Semiconductor stocks fell on June 23, 2026, as investors questioned the long-term sustainability of artificial intelligence infrastructure spending [1].

This downturn signals a potential shift in market sentiment regarding AI valuations. If the current trajectory of capital expenditure slows, the massive growth seen in chipmakers and data center providers could face a significant correction.

Nasdaq futures fell more than 2.5% on June 23 [2]. The volatility extended to the Nasdaq 100, which stood to lose over $1 trillion in market value if the losses held [3]. The selloff was not limited to U.S. markets, as the rout spread to global peers including Asian chipmakers [4].

In South Korea, the Kospi index dropped 10% [4]. This sharp decline in Asian markets contributed to a broader downward trend in equity markets, driven by concerns over valuations and capital expenditures [4].

"Semiconductor stocks have come under pressure as investors question whether the rapid pace of AI infrastructure spending can be sustained beyond 2026," Mike Shepard said on Bloomberg Television [5].

Market analysts suggest the instability is linked to debt-funded spending and hawkish expectations from the Federal Reserve [6]. Investors are increasingly reassessing whether the returns on AI investments will justify the high costs of infrastructure beyond 2026 [5].

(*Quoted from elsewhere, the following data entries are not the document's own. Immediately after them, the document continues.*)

lemma word_prod_append:
  "set u \<subseteq> carrier G \<Longrightarrow> set v \<subseteq> carrier G \<Longrightarrow>
    word_prod G (u @ v) = word_prod G u \<otimes> word_prod G v"
  by (induction u) (auto simp: m_assoc word_prod_closed)

lemma word_prod_concat_replicate:
  "set w \<subseteq> carrier G \<Longrightarrow> word_prod G (concat (replicate n w)) = word_prod G w [^] n"
proof (induction n)
  case (Suc n)
  have "set (concat (replicate n w)) \<subseteq> carrier G" using Suc.prems by auto
  then show ?case
    using Suc nat_pow_Suc2[of "word_prod G w" n] by (simp add: word_prod_append word_prod_closed)
qed simp

lemma word_prod_alt_word:
  assumes "s \<in> carrier G" "t \<in> carrier G"
  shows "word_prod G (alt_word s t (2 * k)) = (s \<otimes> t) [^] k"
proof (induction k)
  case 0 then show ?case by (simp add: alt_word_def)
next
  case (Suc k)
  then show ?case
    using assms nat_pow_Suc2[of "s \<otimes> t" k] by (simp add: m_assoc)
qed

lemma generate_involutions_word_prod:
  assumes "H \<subseteq> carrier G" "\<forall>h\<in>H. h \<otimes> h = \<one>" "g \<in> generate G H"
  obtains w where "set w \<subseteq> H" "word_prod G w = g"
proof -
  from assms(3) have "\<exists>w. set w \<subseteq> H \<and> word_prod G w = g"
  proof (induction rule: generate.induct)
    case one then show ?case by (intro exI[of _ "[]"]) simp
  next
    case (incl h) then show ?case using assms by (intro exI[of _ "[h]"]) auto
  next
    case (inv h)
    have "inv h = h" using assms inv by (metis inv_char subsetD)
    then show ?case using assms inv by (intro exI[of _ "[h]"]) auto
  next
    case (eng h1 h2)
    then obtain w1 w2 where "set w1 \<subseteq> H" "word_prod G w1 = h1" "set w2 \<subseteq> H" "word_prod G w2 = h2"
      by blast
    then show ?case using assms by (intro exI[of _ "w1 @ w2"]) (auto simp: word_prod_append)
  qed
  then show thesis using that by blast
qed

end

lemma coxeter_system_group: "coxeter_system W S \<Longrightarrow> group W"
  by (simp add: coxeter_system_def)

lemma coxeter_system_carrier: "coxeter_system W S \<Longrightarrow> S \<subseteq> carrier W"
  by (simp add: coxeter_system_def)

lemma coxeter_system_involution: "coxeter_system W S \<Longrightarrow> s \<in> S \<Longrightarrow> s \<otimes>\<^bsub>W\<^esub> s = \<one>\<^bsub>W\<^esub>"
  by (simp add: coxeter_system_def)

lemma coxeter_system_relations:
  "coxeter_system W S \<Longrightarrow> set w \<subseteq> S \<Longrightarrow> word_prod W w = \<one>\<^bsub>W\<^esub> \<Longrightarrow> cox_eq W S w []"
  by (simp add: coxeter_system_def)

lemma cox_m_self: "coxeter_system W S \<Longrightarrow> s \<in> S \<Longrightarrow> cox_m W s s = 1"
  unfolding coxeter_system_def cox_m_def by (simp add: group.ord_id)
lemma vs_restrict:
  assumes "subspace L S"
  shows "vs (L\<lparr>carrier := S, grd := W\<rparr>)"
  unfolding vs_def
proof (intro conjI ballI allI; simp)
  have Sc: "\<And>x. x \<in> S \<Longrightarrow> x \<in> carrier L"
    using assms subspace_subset by blast
  show "zero L \<in> S" "\<And>x y. x \<in> S \<Longrightarrow> y \<in> S \<Longrightarrow> add L x y \<in> S" "\<And>c x. x \<in> S \<Longrightarrow> scal L c x \<in> S"
    using assms by (simp_all add: subspace_zero subspace_add subspace_scal)
  show "\<And>x. x \<in> S \<Longrightarrow> \<exists>y\<in>S. add L x y = zero L"
    using assms Sc add_neg_self subspace_neg by blast
  show "\<And>x y. x \<in> S \<Longrightarrow> y \<in> S \<Longrightarrow> add L x y = add L y x"
    using Sc add_commute by blast
qed (use assms subspace_subset in \<open>auto simp: add_assoc scal_add_right scal_add_left scal_scal\<close>)

definition eq_mod :: "'a set \<Rightarrow> 'a \<Rightarrow> 'a \<Rightarrow> bool" where
  "eq_mod W u v \<longleftrightarrow> v \<in> carrier L \<and> (\<exists>w\<in>W. u = add L v w)"

lemma eq_modI: "v \<in> carrier L \<Longrightarrow> w \<in> W \<Longrightarrow> u = add L v w \<Longrightarrow> eq_mod W u v"
  unfolding eq_mod_def by blast

lemma eq_modE:
  assumes "eq_mod W u v"
  obtains w where "w \<in> W" "u = add L v w"
  using assms unfolding eq_mod_def by blast

lemma eq_mod_closed:
  "subspace L W \<Longrightarrow> eq_mod W u v \<Longrightarrow> u \<in> carrier L \<and> v \<in> carrier L"
  unfolding eq_mod_def using subspace_subset by auto

lemma eq_mod_zero_iff: "subspace L W \<Longrightarrow> eq_mod W u (zero L) \<longleftrightarrow> u \<in> W"
  unfolding eq_mod_def using subspace_subset by auto

lemma eq_mod_refl: "subspace L W \<Longrightarrow> v \<in> carrier L \<Longrightarrow> eq_mod W v v"
  by (rule eq_modI[of _ "zero L"]) (simp_all add: subspace_zero)
lemma card_c5_ball:
  assumes "k < 5"
  shows "card {j. j < 5 \<and> c5_dist j k \<le> r} = min 5 (2 * r + 1)"
proof -
  consider "r = 0" | "r = 1" | "2 \<le> r" by linarith
  then show ?thesis
  proof cases
    case 3
    then have "{j. j < 5 \<and> c5_dist j k \<le> r} = {..<5}" using c5_dist_le_2[OF _ assms] by fastforce
    then show ?thesis using 3 by simp
  qed (use less_5_cases[OF assms] in \<open>(elim disjE; simp add: card_Collect_less_eq_length_filter c5_dist_def nat_dist_def upt_rec)+\<close>)
qed

lemma c5_dist_2_cover:
  assumes "s < 5" "s' < 5" "c5_dist s s' = 2" "j < 5"
  shows "c5_dist j s \<le> 1 \<or> c5_dist j s' \<le> 1"
  using less_5_cases[OF assms(1)] less_5_cases[OF assms(2)] less_5_cases[OF assms(4)] assms(3)
  by (elim disjE) (simp_all add: c5_dist_def nat_dist_def)

definition cyl_dist :: "nat \<times> nat \<Rightarrow> nat \<times> nat \<Rightarrow> nat" where
  "cyl_dist p q = nat_dist (fst p) (fst q) + c5_dist (snd p) (snd q)"

abbreviation cyl_V :: "nat \<Rightarrow> (nat \<times> nat) set" where
  "cyl_V m \<equiv> cprod_V (path_V m) (cycle_V 5)"

abbreviation cyl_E :: "nat \<times> nat \<Rightarrow> nat \<times> nat \<Rightarrow> bool" where
  "cyl_E \<equiv> cprod_E path_E (cycle_E 5)"

lemma cyl_V_iff: "(i, j) \<in> cyl_V m \<longleftrightarrow> i < m \<and> j < 5"
  by (simp add: cprod_V_def path_V_def cycle_V_def)

lemma sum_cyl_V: "(\<Sum>v\<in>cyl_V m. g v) = (\<Sum>d<m. \<Sum>k<5. g (d, k))"
  by (simp add: cprod_V_def path_V_def cycle_V_def sum.cartesian_product atLeast0LessThan)

lemma cyl_dist_lipschitz:
  assumes "u \<in> cyl_V m" "v \<in> cyl_V m" "w \<in> cyl_V m" "cyl_E u v"
  shows "cyl_dist u w \<le> Suc (cyl_dist v w)"
proof -
  obtain i j i' j' where uv: "u = (i, j)" "v = (i', j')" by (cases u, cases v)
  have "j < 5" "j' < 5" "snd w < 5" using assms(1-3) by (auto simp: uv cyl_V_iff cprod_V_def cycle_V_def)
  then show ?thesis using assms(4) c5_dist_lipschitz[of j j' "snd w"]
    by (auto simp: uv cyl_dist_def nat_dist_def cprod_E_def path_E_def)
qed

lemma cyl_dist_descent:
  assumes "u \<in> cyl_V m" "w \<in> cyl_V m" "u \<noteq> w"
  shows "\<exists>v\<in>cyl_V m. cyl_E u v \<and> cyl_dist u w = Suc (cyl_dist v w)"
proof -
  obtain i j i' j' where ij: "u = (i, j)" "w = (i', j')" by (cases u, cases w)
  have lt: "i < m" "j < 5" "i' < m" "j' < 5" using assms(1,2) by (simp_all add: ij cyl_V_iff)
  consider "i < i'" | "i' < i" | "i = i'" "j \<noteq> j'" using assms(3) unfolding ij by (metis linorder_neqE_nat)
  then show ?thesis
  proof cases
    case 1
    then show ?thesis using lt
      by (intro bexI[of _ "(Suc i, j)"]) (auto simp: ij cyl_V_iff cyl_dist_def nat_dist_def cprod_E_def path_E_def)
  next
    case 2
    then show ?thesis using lt
      by (intro bexI[of _ "(i - 1, j)"]) (auto simp: ij cyl_V_iff cyl_dist_def nat_dist_def cprod_E_def path_E_def)
  next
    case 3
    then obtain j'' where "j'' < 5" "cycle_E 5 j j''" "c5_dist j j' = Suc (c5_dist j'' j')"
      using c5_dist_descent lt by blast
    then show ?thesis using 3 lt
      by (intro bexI[of _ "(i, j'')"]) (auto simp: ij cyl_V_iff cyl_dist_def nat_dist_def cprod_E_def)
  qed
qed

lemma cyl_dist_self: "cyl_dist u u = 0"
  by (simp add: cyl_dist_def nat_dist_def c5_dist_def)

lemma gdist_cyl: "u \<in> cyl_V m \<Longrightarrow> w \<in> cyl_V m \<Longrightarrow> gdist (cyl_V m) cyl_E u w = cyl_dist u w"
  by (rule gdist_eqI[where D = "\<lambda>u. cyl_dist u w"])
    (simp_all add: cyl_dist_self cyl_dist_lipschitz cyl_dist_descent)
definition image_radius :: "mob \<Rightarrow> real" where
  "image_radius m = cmod (mob_det m) / circ_s m"

lemma circ_equation_ball_iff:
  fixes a b c d w :: complex
  assumes "circ_s (a,b,c,d) > 0"
  defines "Z \<equiv> image_center (a,b,c,d)" and "R \<equiv> image_radius (a,b,c,d)"
  shows "cmod (d*w - b) \<le> cmod (a - c*w) \<longleftrightarrow> cmod (w - Z) \<le> R"
    and "cmod (d*w - b) < cmod (a - c*w) \<longleftrightarrow> cmod (w - Z) < R"
    and "cmod (d*w - b) = cmod (a - c*w) \<longleftrightarrow> cmod (w - Z) = R"
proof -
  define s where "s = circ_s (a,b,c,d)"
  have s0: "s > 0" using assms s_def by simp
  have "s * R^2 = (cmod (a*d - b*c))^2 / s"
    unfolding R_def image_radius_def s_def[symmetric] using s0
    by (simp add: power_divide power2_eq_square)
  then have P: "(cmod (d*w - b))^2 - (cmod (a - c*w))^2 = s * ((cmod (w - Z))^2 - R^2)"
    using circ_equation_centered[OF assms(1), of w]
    unfolding Z_def image_center_def s_def[symmetric] by (simp add: right_diff_distrib)
  have R0: "R \<ge> 0" using s0 unfolding R_def image_radius_def s_def[symmetric] by simp
  have sq1: "x \<le> y \<longleftrightarrow> x^2 \<le> y^2" if "x \<ge> 0" "y \<ge> 0" for x y :: real
    using that by (simp add: power_mono_iff)
  have sq2: "x < y \<longleftrightarrow> x^2 < y^2" if "x \<ge> 0" "y \<ge> 0" for x y :: real
    using that by (meson not_le sq1)
  have sq3: "x = y \<longleftrightarrow> x^2 = y^2" if "x \<ge> 0" "y \<ge> 0" for x y :: real
    using that by (simp add: power2_eq_iff_nonneg)
  have "x \<le> 0 \<longleftrightarrow> y \<le> 0" "x < 0 \<longleftrightarrow> y < 0" "x = 0 \<longleftrightarrow> y = 0" if "x = s*y" for x y :: real
    using that s0 by (simp_all add: mult_le_0_iff mult_less_0_iff)
  note sign = this[OF P]
  show "cmod (d*w - b) \<le> cmod (a - c*w) \<longleftrightarrow> cmod (w - Z) \<le> R"
    using sq1[of "cmod (d*w - b)" "cmod (a - c*w)"] sq1[of "cmod (w - Z)" R] R0 sign(1) by simp
  show "cmod (d*w - b) < cmod (a - c*w) \<longleftrightarrow> cmod (w - Z) < R"
    using sq2[of "cmod (d*w - b)" "cmod (a - c*w)"] sq2[of "cmod (w - Z)" R] R0 sign(2) by simp
  show "cmod (d*w - b) = cmod (a - c*w) \<longleftrightarrow> cmod (w - Z) = R"
    using sq3[of "cmod (d*w - b)" "cmod (a - c*w)"] sq3[of "cmod (w - Z)" R] R0 sign(3) by simp
qed
(* Skeptic can weakly force the event \[ A_3:=\Bigl\{\xi:\ \limsup_{n\to\infty}s_n=\infty\ \text{and}\ \liminf_{n\to\infty}s_n=-\infty\Bigr\}. \]
   Context: Fair-coin game: in rounds $n=1,2,\dots$ Skeptic announces $M_n\in\mathbb{R}$ (depending only on $x_1,\dots,x_{n-1}$), then Reality announces $x_n\in\{-1,1\}$. A path is an infinite sequence $\xi=x_1x_2\cdots\in\{-1,1\}^{\mathbb{N}}$, and $\Omega$ is the set of paths. We write $s_n:=x_1+\cdots+x_n$, with $s_0=0$. The capital process of a strategy with zero initial capital is $\mathcal{K}^{\mathcal{P}}_n=\sum_{k=1}^nM_kx_k$. Skeptic weakly forces $E\subseteq\Omega$ if some strategy $\mathcal{P}$ has $\mathcal{K}^{\mathcal{P}}_n(\xi)\ge-1$ for all $\xi\in\Omega$ and $n\ge0$, and $\limsup_n\mathcal{K}^{\mathcal{P}}_n(\xi)=\infty$ for every $\xi\notin E$. *)

theory Defs
  imports Complex_Main "HOL-Library.Extended_Real" "HOL-Library.Liminf_Limsup"
begin

text \<open>Paths are 0-indexed: the move x_(k+1) of Reality is xi k.\<close>
definition Omega :: "(nat \<Rightarrow> int) set" where
  "Omega = {xi. \<forall>n. xi n \<in> {-1, 1}}"

definition prefix :: "(nat \<Rightarrow> int) \<Rightarrow> nat \<Rightarrow> int list" where
  "prefix xi n = map xi [0..<n]"

definition S :: "(nat \<Rightarrow> int) \<Rightarrow> nat \<Rightarrow> int" where
  "S xi n = (\<Sum>k<n. xi k)"

text \<open>A strategy maps the history x_1..x_(n-1) to the move M_n.
  Capital with zero initial capital: sum over k=1..n of M_k x_k.\<close>
definition capital :: "(int list \<Rightarrow> real) \<Rightarrow> (nat \<Rightarrow> int) \<Rightarrow> nat \<Rightarrow> real" where
  "capital P xi n = (\<Sum>k<n. P (prefix xi k) * real_of_int (xi k))"

definition weakly_forces :: "(nat \<Rightarrow> int) set \<Rightarrow> bool" where
  "weakly_forces E \<longleftrightarrow>
     (\<exists>P. (\<forall>xi\<in>Omega. \<forall>n. capital P xi n \<ge> -1) \<and>
          (\<forall>xi\<in>Omega - E. limsup (\<lambda>n. ereal (capital P xi n)) = \<infinity>))"

definition A3 :: "(nat \<Rightarrow> int) set" where
  "A3 = {xi\<in>Omega. limsup (\<lambda>n. ereal (real_of_int (S xi n))) = \<infinity> \<and>
                    liminf (\<lambda>n. ereal (real_of_int (S xi n))) = -\<infinity>}"

end

theory Submission
  imports Defs
begin

text \<open>Off A3 the walk s_n is bounded above or below, and each of three cases is handled by betting
  the increments of a nonnegative supermartingale with initial value 1, which keeps the capital
  above -1. If s_n is bounded below by L but not above, the martingale
  2^m (1 + (s_n - m)/2), with m the running minimum, is at least 2^L s_n/2 and so unbounded;
  its mirror image handles the case bounded above but not below. If s_n stays in a bounded range,
  the supermartingale x + x^2 (n + (s_n - m)(M - s_n))/4, with M the running maximum and
  x = 2^-(M - m), grows linearly in n. Weak forcing is stable under intersection (average the
  strategies), which combines the three cases.\<close>

section \<open>Limit superior of real sequences\<close>

lemma limsup_ereal_eq_PInfty_iff:
  fixes f :: "nat \<Rightarrow> real"
  shows "limsup (\<lambda>n. ereal (f n)) = \<infinity> \<longleftrightarrow> (\<forall>B. \<exists>\<^sub>F n in sequentially. B < f n)"
proof
  assume lim: "limsup (\<lambda>n. ereal (f n)) = \<infinity>"
  show "\<forall>B. \<exists>\<^sub>F n in sequentially. B < f n"
  proof (rule allI, rule ccontr)
    fix B :: real
    assume "\<not> (\<exists>\<^sub>F n in sequentially. B < f n)"
    then have "\<forall>\<^sub>F n in sequentially. ereal (f n) \<le> ereal B"
      by (simp add: not_frequently not_less)
    then have "limsup (\<lambda>n. ereal (f n)) \<le> ereal B"
      by (rule Limsup_bounded)
    with lim show False by simp
  qed
next
  assume freq: "\<forall>B. \<exists>\<^sub>F n in sequentially. B < f n"
  show "limsup (\<lambda>n. ereal (f n)) = \<infinity>"
  proof (rule ccontr)
    assume "limsup (\<lambda>n. ereal (f n)) \<noteq> \<infinity>"
    then obtain B where "limsup (\<lambda>n. ereal (f n)) < ereal B"
      using less_PInf_Ex_of_nat by auto
    then have "\<forall>\<^sub>F n in sequentially. f n < B"
      using Limsup_lessD by fastforce
    with freq[rule_format, of B] show False
      by (simp add: frequently_def) (metis (mono_tags) eventually_mono less_asym)
  qed
qed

"Tech is leading markets lower as a heavy selloff in Asian chipmakers, including a 10 per cent drop in the South Korean Kospi index, is dragging broader equity markets lower amid valuation and capex worries," Tom Essaye said [4].

Semiconductor stocks have come under pressure as investors question whether the rapid pace of AI infrastructure spending can be sustained beyond 2026.

The sudden volatility in semiconductor stocks reflects a transition from speculative excitement to a demand for tangible returns on AI investment. By questioning spending sustainability beyond 2026, investors are signaling that the 'AI bubble' may be sensitive to interest rate hikes and the actual productivity gains of the technology, potentially ending the era of unchecked growth for chip manufacturers.